Why is this a problem?

  1. Look at the steps from the inside out:

    • Seq Scan on users u: First, it filters the users table. Let's say it finds 1,050 users from 'Vietnam' who registered in July. This step is quite fast.
    • Seq Scan on event_logs el: It filters the event_logs table to get all 'purchase' events. Let's say there are 250,000 such events. This step has to read a large part of the table and is quite slow (actual time=...4567.890).
    • Hash Join: This is the main bottleneck. It performs a join between 250,000 rows from event_logs and 1,050 rows from users. Even though 1,050 is a small number, having to process 250,000 rows in the join is very expensive.
  2. The Root Cause:

    • The order of operations is not optimal. The plan filtered both tables but still left a very large dataset (250,000 'purchase' events) to be used in the JOIN.
    • A better approach would be to find the small list of users (1,050 people) first, and then find the 'purchase' events for only those specific users in the event_logs table.

The Solution

  • Action: Rewrite the query to force the database to filter the users table first, and then use that result (the list of user IDs) to efficiently query the event_logs table using its index. Using a CTE (Common Table Expression) or a Subquery works well.
  • Command with CTE:
    sql
    EXPLAIN ANALYZE
    WITH filtered_users AS (
        SELECT id
        FROM users
        WHERE country = 'Vietnam'
          AND registration_date >= '2025-07-01'
          AND registration_date < '2025-08-01'
    )
    SELECT count(*)
    FROM event_logs el
    JOIN filtered_users fu ON el.user_id = fu.id
    WHERE el.event_type = 'purchase';

The Query Plan (AFTER the fix)

The new plan will be much smarter.

                                                              QUERY PLAN
--------------------------------------------------------------------------------------------------------------------------------------
 Aggregate  (cost=18975.34..18975.35 rows=1 width=8) (actual time=245.812..245.813 rows=1 loops=1)
   ->  Nested Loop  (cost=0.57..18950.10 rows=10100 width=0) (actual time=0.067..240.123 rows=15234 loops=1)
         ->  Seq Scan on users u  (cost=0.00..15800.25 rows=1050 width=4) (actual time=0.021..2.899 rows=1050 loops=1)
               Filter: ((country = 'Vietnam'::text) AND (registration_date >= '2025-07-01'::date) AND (registration_date < '2025-08-01'::date))
         ->  Index Scan using idx_event_logs_user_id on event_logs el  (cost=0.57..2.98 rows=10 width=4) (actual time=0.025..0.225 rows=15 loops=1050)
               Index Cond: (user_id = u.id)
               Filter: (event_type = 'purchase'::text)
 Planning Time: 0.512 ms
 Execution Time: 246.015 ms

Analyzing the Result

  1. The Big Change: The plan switched to a Nested Loop.

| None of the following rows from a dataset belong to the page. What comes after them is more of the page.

lemma (in prob_space) ergodic_process_eventually_sum_ge:
  assumes st: "stationary_process M X" and erg: "ergodic_process M X"
    and int0: "integrable M (X 0)" and b: "b < expectation (X 0)"
  shows "AE \<omega> in M. \<forall>\<^sub>F n in sequentially. b * real n \<le> (\<Sum>t<n. X t \<omega>)"
proof -
  have X: "X t \<in> borel_measurable M" for t
    using st by (rule stationary_process_measurable)
  define c where "c = (b + expectation (X 0)) / 2"
  have bc: "b < c" and c: "c < expectation (X 0)"
    using b by (simp_all add: c_def)
  define E where "E = {\<omega> \<in> space M. (\<lambda>t. X t \<omega>) \<in> slow_paths c}"
  have "E = (\<lambda>\<omega> t. X t \<omega>) -` slow_paths c \<inter> space M"
    by (auto simp: E_def)
  also have "\<dots> \<in> sets M"
    by (rule measurable_sets[OF measurable_path[of X M, OF X] slow_paths_sets])
  finally have E_sets: "E \<in> sets M" .
  have "measure M E \<in> {0, 1}"
    using erg slow_paths_sets slow_paths_seq_shift_iff
    unfolding ergodic_process_def E_def by blast
  moreover have "measure M E \<noteq> 1"
  proof
    assume "measure M E = 1"
    then have "AE \<omega> in M. \<omega> \<in> E" by (rule AE_prob_1)
    then have "AE \<omega> in M. \<exists>n. (\<Sum>t<n. X t \<omega>) < c * real n"
    proof eventually_elim
      case (elim \<omega>)
      then obtain k where "\<forall>N. \<exists>n\<ge>N. (\<Sum>t<n. X t \<omega>) < (c - 1 / real (Suc k)) * real n"
        by (auto simp: E_def slow_paths_def)
      then obtain n where "(\<Sum>t<n. X t \<omega>) < (c - 1 / real (Suc k)) * real n" by blast
      also have "\<dots> \<le> c * real n" by (simp add: algebra_simps)
      finally show ?case by blast
    qed
    with st int0 have "expectation (X 0) \<le> c" by (rule stationary_process_expectation_le)
    with c show False by simp
  qed
  ultimately have "E \<in> null_sets M"
    using E_sets by (simp add: emeasure_eq_measure null_setsI)
  then show ?thesis
  proof (rule AE_I')
    obtain k where k: "1 / real (Suc k) < c - b"
      using reals_Archimedean[of "c - b"] bc by (auto simp: inverse_eq_divide)
    show "{\<omega> \<in> space M. \<not> (\<forall>\<^sub>F n in sequentially. b * real n \<le> (\<Sum>t<n. X t \<omega>))} \<subseteq> E"
    proof safe
      fix \<omega> assume \<omega>: "\<omega> \<in> space M"
        and "\<not> (\<forall>\<^sub>F n in sequentially. b * real n \<le> (\<Sum>t<n. X t \<omega>))"
      then have "\<forall>N. \<exists>n\<ge>N. (\<Sum>t<n. X t \<omega>) < b * real n"
        by (auto simp: eventually_sequentially not_le)
      moreover have "b * real n \<le> (c - 1 / real (Suc k)) * real n" for n
        using k by (intro mult_right_mono) auto
      ultimately have "\<forall>N. \<exists>n\<ge>N. (\<Sum>t<n. X t \<omega>) < (c - 1 / real (Suc k)) * real n"
        by (meson less_le_trans)
      with \<omega> show "\<omega> \<in> E" by (auto simp: E_def slow_paths_def)
    qed
  qed
qed

lemma (in prob_space) ergodic_process_AE_eventually_sum_ge:
  assumes "stationary_process M X" and "ergodic_process M X" and "integrable M (X 0)"
  shows "AE \<omega> in M. \<forall>b < expectation (X 0). \<forall>\<^sub>F n in sequentially. b * real n \<le> (\<Sum>t<n. X t \<omega>)"
proof -
  have "AE \<omega> in M. \<forall>k. \<forall>\<^sub>F n in sequentially.
      (expectation (X 0) - 1 / real (Suc k)) * real n \<le> (\<Sum>t<n. X t \<omega>)"
    unfolding AE_all_countable by (intro allI ergodic_process_eventually_sum_ge[OF assms]) simp
  then show ?thesis
  proof eventually_elim
    case (elim \<omega>)
    show ?case
    proof (intro allI impI)
      fix b assume "b < expectation (X 0)"
      then obtain k where k: "1 / real (Suc k) < expectation (X 0) - b"
        using reals_Archimedean[of "expectation (X 0) - b"] by (auto simp: inverse_eq_divide)
      have b: "b * real n \<le> (expectation (X 0) - 1 / real (Suc k)) * real n" for n
        using k by (intro mult_right_mono) auto
      from elim[rule_format, of k] show "\<forall>\<^sub>F n in sequentially. b * real n \<le> (\<Sum>t<n. X t \<omega>)"
        by (rule eventually_mono) (use b in \<open>meson order_trans\<close>)
    qed
  qed
qed

section \<open>Battery dynamics\<close>

lemma batteries_Suc_active:
  "batteries PS PD e d (Suc n) =
    (fst (batteries PS PD e d n) - PS * active PS PD e d n + e n,
     snd (batteries PS PD e d n) - PD * active PS PD e d n + d n)"
  by (simp add: active_def split_beta Let_def)

lemma active_nonneg: "0 \<le> active PS PD e d n"
  by (simp add: active_def)

lemma active_le_one: "active PS PD e d n \<le> 1"
  by (simp add: active_def)

lemma batteries_eq_sum:
  "batteries PS PD e d n =
    ((\<Sum>t<n. e t) - PS * (\<Sum>t<n. active PS PD e d t),
     (\<Sum>t<n. d t) - PD * (\<Sum>t<n. active PS PD e d t))"
proof (induction n)
  case (Suc n)
  show ?case
    unfolding batteries_Suc_active Suc.IH by (simp add: algebra_simps)
qed simp

lemma batteries_nonneg:
  assumes "\<And>t. 0 \<le> e t" and "\<And>t. 0 \<le> d t"
  shows "0 \<le> fst (batteries PS PD e d n) \<and> 0 \<le> snd (batteries PS PD e d n)"
proof (induction n)
  case (Suc n)
  with assms[of n] show ?case
    unfolding batteries_Suc_active active_def by auto
qed simp

lemma active_sum_le_harvest:
  assumes "\<And>t. 0 \<le> e t" and "\<And>t. 0 \<le> d t"
  shows "PS * (\<Sum>t<n. active PS PD e d t) \<le> (\<Sum>t<n. e t)"
    and "PD * (\<Sum>t<n. active PS PD e d t) \<le> (\<Sum>t<n. d t)"
  using batteries_nonneg[OF assms, where PS = PS and PD = PD and n = n]
  unfolding batteries_eq_sum by auto

lemma idle_slot_harvest_less:
  assumes "active PS PD e d t = 0"
  shows "(\<Sum>s<t. e s) < PS * ((\<Sum>s<t. active PS PD e d s) + 1) \<or>
    (\<Sum>s<t. d s) < PD * ((\<Sum>s<t. active PS PD e d s) + 1)"
proof -
  from assms have "fst (batteries PS PD e d t) < PS \<or> snd (batteries PS PD e d t) < PD"
    by (auto simp: active_def split: if_splits)
  then show ?thesis
    by (simp add: batteries_eq_sum algebra_simps)
qed

text \<open>Once both harvests grow at least like \<open>\<rho>\<close> thresholds per slot, every idle slot finds more than
  \<open>\<rho> t - 1\<close> active slots before it.\<close>
lemma active_sum_ge:
  assumes PS: "0 < PS" and PD: "0 < PD" and "\<rho> \<le> 1"
    and e: "\<And>t. T \<le> t \<Longrightarrow> \<rho> * PS * real t \<le> (\<Sum>s<t. e s)"
    and d: "\<And>t. T \<le> t \<Longrightarrow> \<rho> * PD * real t \<le> (\<Sum>s<t. d s)"
  shows "\<rho> * real n \<le> (\<Sum>t<n. active PS PD e d t) + real T + 2"
proof (induction n)
  case 0
  show ?case by simp
next
  case (Suc t)
  define N where "N = (\<Sum>s<t. active PS PD e d s)"
  have "0 \<le> N" unfolding N_def by (intro sum_nonneg active_nonneg)
  have step: "\<rho> * real (Suc t) = \<rho> * real t + \<rho>"
    by (simp add: algebra_simps)
  have "active PS PD e d t = 1 \<or> active PS PD e d t = 0"
    by (simp add: active_def)
  then consider "t < T" | "T \<le> t" "active PS PD e d t = 1" | "T \<le> t" "active PS PD e d t = 0"
    by (cases "t < T") auto
  then show ?case
  proof cases
    case 1
    have "\<rho> * real (Suc t) \<le> real (Suc t)"
      using mult_right_mono[OF \<open>\<rho> \<le> 1\<close>, of "real (Suc t)"] by simp
    also have "\<dots> \<le> real T"
      using 1 by simp
    finally show ?thesis
      using \<open>0 \<le> N\<close> active_nonneg[of PS PD e d t] by (simp add: N_def)
  next
    case 2
    with Suc.IH \<open>\<rho> \<le> 1\<close> show ?thesis
      unfolding step by simp
  next
    case 3
    have "\<rho> * real t < N + 1"
      using idle_slot_harvest_less[OF 3(2)] unfolding N_def[symmetric]
    proof
      assume "(\<Sum>s<t. e s) < PS * (N + 1)"
      moreover have "\<rho> * PS * real t = PS * (\<rho> * real t)" by (simp add: ac_simps)
      ultimately have "PS * (\<rho> * real t) < PS * (N + 1)"
        using e[OF 3(1)] by linarith
      with PS show ?thesis by simp
    next
      assume "(\<Sum>s<t. d s) < PD * (N + 1)"
      moreover have "\<rho> * PD * real t = PD * (\<rho> * real t)" by (simp add: ac_simps)
      ultimately have "PD * (\<rho> * real t) < PD * (N + 1)"
        using d[OF 3(1)] by linarith
      with PD show ?thesis by simp
    qed
    with 3 \<open>0 \<le> N\<close> \<open>\<rho> \<le> 1\<close> show ?thesis
      unfolding step by (simp add: N_def)
  qed
qed

lemma active_average_eventually_gt:
  assumes PS: "0 < PS" and PD: "0 < PD"
    and e: "\<forall>b < lamS. \<forall>\<^sub>F n in sequentially. b * real n \<le> (\<Sum>t<n. e t)"
    and d: "\<forall>b < lamD. \<forall>\<^sub>F n in sequentially. b * real n \<le> (\<Sum>t<n. d t)"
    and \<rho>: "\<rho> < min 1 (min (lamS / PS) (lamD / PD))"
  shows "\<forall>\<^sub>F n in sequentially. \<rho> < (\<Sum>t<n. active PS PD e d t) / real n"
proof -
  define r where "r = min 1 (min (lamS / PS) (lamD / PD))"
  have "\<rho> < r" "r \<le> 1" "r \<le> lamS / PS" "r \<le> lamD / PD"
    using \<rho> by (simp_all add: r_def)
  moreover obtain \<rho>' where "\<rho> < \<rho>'" "\<rho>' < r"
    using dense \<open>\<rho> < r\<close> by blast
  ultimately have "\<rho> < \<rho>'" "\<rho>' \<le> 1" "\<rho>' < lamS / PS" "\<rho>' < lamD / PD"
    by linarith+
  with PS PD have "\<rho>' * PS < lamS" "\<rho>' * PD < lamD"
    by (simp_all add: pos_less_divide_eq)
  with e d have "\<forall>\<^sub>F t in sequentially. \<rho>' * PS * real t \<le> (\<Sum>s<t. e s) \<and> \<rho>' * PD * real t \<le> (\<Sum>s<t. d s)"
    by (intro eventually_conj) blast+
  then obtain T where T: "\<And>t. T \<le> t \<Longrightarrow>
      \<rho>' * PS * real t \<le> (\<Sum>s<t. e s) \<and> \<rho>' * PD * real t \<le> (\<Sum>s<t. d s)"
    unfolding eventually_sequentially by blast
  have lower: "\<rho>' * real n \<le> (\<Sum>t<n. active PS PD e d t) + real T + 2" for n
    using T by (intro active_sum_ge[OF PS PD \<open>\<rho>' \<le> 1\<close>, of T]) auto
  obtain N :: nat where N: "real T + 2 < (\<rho>' - \<rho>) * real N"
    using reals_Archimedean3 \<open>\<rho> < \<rho>'\<close> by (metis diff_gt_0_iff_gt mult.commute)
  have "0 < N"
    using N by (cases N) auto
  show ?thesis
    unfolding eventually_sequentially
  proof (intro exI allI impI)
    fix n assume "N \<le> n"
    then have "(\<rho>' - \<rho>) * real N \<le> (\<rho>' - \<rho>) * real n"
      using \<open>\<rho> < \<rho>'\<close> by (intro mult_left_mono) auto
    moreover have "\<rho>' * real n = \<rho> * real n + (\<rho>' - \<rho>) * real n"
      by (simp add: algebra_simps)
    ultimately have "\<rho> * real n < (\<Sum>t<n. active PS PD e d t)"
      using N lower[of n] by linarith
    moreover have "0 < real n"
      using \<open>0 < N\<close> \<open>N \<le> n\<close> by simp
    ultimately show "\<rho> < (\<Sum>t<n. active PS PD e d t) / real n"
      by (simp add: pos_less_divide_eq)
  qed
qed

section \<open>Expected activity\<close>

lemma borel_measurable_batteries:
  assumes [measurable]: "\<And>t. ES t \<in> borel_measurable M" "\<And>t. ED t \<in> borel_measurable M"
  shows "(\<lambda>\<omega>. fst (batteries PS PD (\<lambda>k. ES k \<omega>) (\<lambda>k. ED k \<omega>) n)) \<in> borel_measurable M \<and>
    (\<lambda>\<omega>. snd (batteries PS PD (\<lambda>k. ES k \<omega>) (\<lambda>k. ED k \<omega>) n)) \<in> borel_measurable M"
proof (induction n)
  case (Suc n)
  then have [measurable]:
      "(\<lambda>\<omega>. fst (batteries PS PD (\<lambda>k. ES k \<omega>) (\<lambda>k. ED k \<omega>) n)) \<in> borel_measurable M"
      "(\<lambda>\<omega>. snd (batteries PS PD (\<lambda>k. ES k \<omega>) (\<lambda>k. ED k \<omega>) n)) \<in> borel_measurable M"
    by simp_all
  show ?case
    unfolding batteries_Suc_active active_def by measurable
qed simp

lemma borel_measurable_active:
  assumes "\<And>t. ES t \<in> borel_measurable M" "\<And>t. ED t \<in> borel_measurable M"
  shows "(\<lambda>\<omega>. active PS PD (\<lambda>k. ES k \<omega>) (\<lambda>k. ED k \<omega>) n) \<in> borel_measurable M"
proof -
  note borel_measurable_batteries[OF assms, where PS = PS and PD = PD and n = n, THEN conjunct1, measurable]
    borel_measurable_batteries[OF assms, where PS = PS and PD = PD and n = n, THEN conjunct2, measurable]
  show ?thesis unfolding active_def by measurable
qed

lemma (in finite_measure) integrable_active:
  assumes "\<And>t. ES t \<in> borel_measurable M" "\<And>t. ED t \<in> borel_measurable M"
  shows "integrable M (\<lambda>\<omega>. active PS PD (\<lambda>k. ES k \<omega>) (\<lambda>k. ED k \<omega>) n)"
  by (intro integrable_const_bound[where B = 1] AE_I2 borel_measurable_active assms)
    (simp add: active_nonneg active_le_one)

    • Outer Loop: It scans the users table to find the 1,050 matching users. This step is the same and is still fast.
    • Inner Loop: This is the magic. Instead of scanning the event_logs table, it performs 1,050 Index Scans on the idx_event_logs_user_id index. Each Index Scan to find events for a single user_id is an extremely fast operation.
  2. Why is it efficient?: Instead of joining two large datasets, we take one small set (1,050 users) and perform 1,050 small, high-speed lookups on the large table. The total cost of these 1,050 small operations is much cheaper than one giant Hash Join.

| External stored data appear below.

lemma stage_invariant_stage: "stage_invariant a k (stage a k)"
proof (induction k)
  case 0
  show ?case
    by (simp add: stage_invariant_def no_three_collinear_def pair_weight_def size_bound_def weight_bound_def)
next
  case (Suc k)
  define S where "S = stage a k"
  define T where "T = (SOME T. good_block a k S T)"
  have S: "finite S" "S \<subseteq> lattice_square 0 (2 ^ k)" "card S \<le> size_bound a k"
    "pair_weight S \<le> weight_bound a k" "(\<Sum>j<k. added_size a j) \<le> 2 * card S"
    using Suc.IH unfolding S_def stage_invariant_def by auto
  have "good_block a k S T"
    unfolding T_def S_def by (rule someI_ex[OF good_block_exists[OF Suc.IH]])
  then have T: "T \<subseteq> lattice_square (2 ^ k) (2 ^ k)" "no_three_collinear (S \<union> T)"
    "added_size a k \<le> 2 * card T" "card T \<le> added_size a k"
    "pair_weight (S \<union> T) \<le> pair_weight S + weight_increment a k"
    unfolding good_block_def by auto
  have "finite T" using T(1) by (rule finite_subset) simp
  moreover have "S \<inter> T = {}" using S(2) T(1) lattice_square_pow2_disjoint[of k] by blast
  ultimately have card_Un: "card (S \<union> T) = card S + card T" using S(1) by (simp add: card_Un_disjoint)
  have "S \<union> T \<subseteq> lattice_square 0 (2 ^ Suc k)"
    using S(2) T(1) lattice_square_pow2_Un_subset[of k] by blast
  moreover have "card S + card T \<le> size_bound a (Suc k)"
    using S(3) T(4) unfolding size_bound_def added_size_def by (simp split: if_splits)
  moreover have "pair_weight (S \<union> T) \<le> weight_bound a (Suc k)"
    using S(4) T(5) unfolding weight_bound_def by simp
  ultimately have "stage_invariant a (Suc k) (S \<union> T)"
    unfolding stage_invariant_def using S(1,5) T(2,3) \<open>finite T\<close> card_Un by simp
  then show ?case unfolding S_def T_def by simp
qed

lemma good_block_stage: "good_block a k (stage a k) (stage a (Suc k) - stage a k)"
proof -
  have "good_block a k (stage a k) (SOME T. good_block a k (stage a k) T)"
    using good_block_exists[OF stage_invariant_stage] by (rule someI_ex)
  moreover have "stage a k \<inter> (SOME T. good_block a k (stage a k) T) = {}"
    using stage_invariant_stage[of a k] calculation lattice_square_pow2_disjoint[of k]
    unfolding stage_invariant_def good_block_def by blast
  moreover have "stage a (Suc k) - stage a k = (SOME T. good_block a k (stage a k) T)"
    using calculation(2) by auto
  ultimately show ?thesis by simp
qed

lemma stage_mono: "k \<le> l \<Longrightarrow> stage a k \<subseteq> stage a l"
  by (induction l rule: dec_induct) auto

  3. Performance Comparison:

    • Execution Time: Dropped from 5123.678 ms (~5.1 seconds) down to 246.015 ms (~0.25 seconds). That's about 20 times faster!

Conclusion

When joining a large table and a small table, try to filter the small table as much as possible first. Then, use that result to query the large table via an index. Rewriting the query with a CTE or subquery can "guide" the planner to this optimal path when it can't figure it out on its own.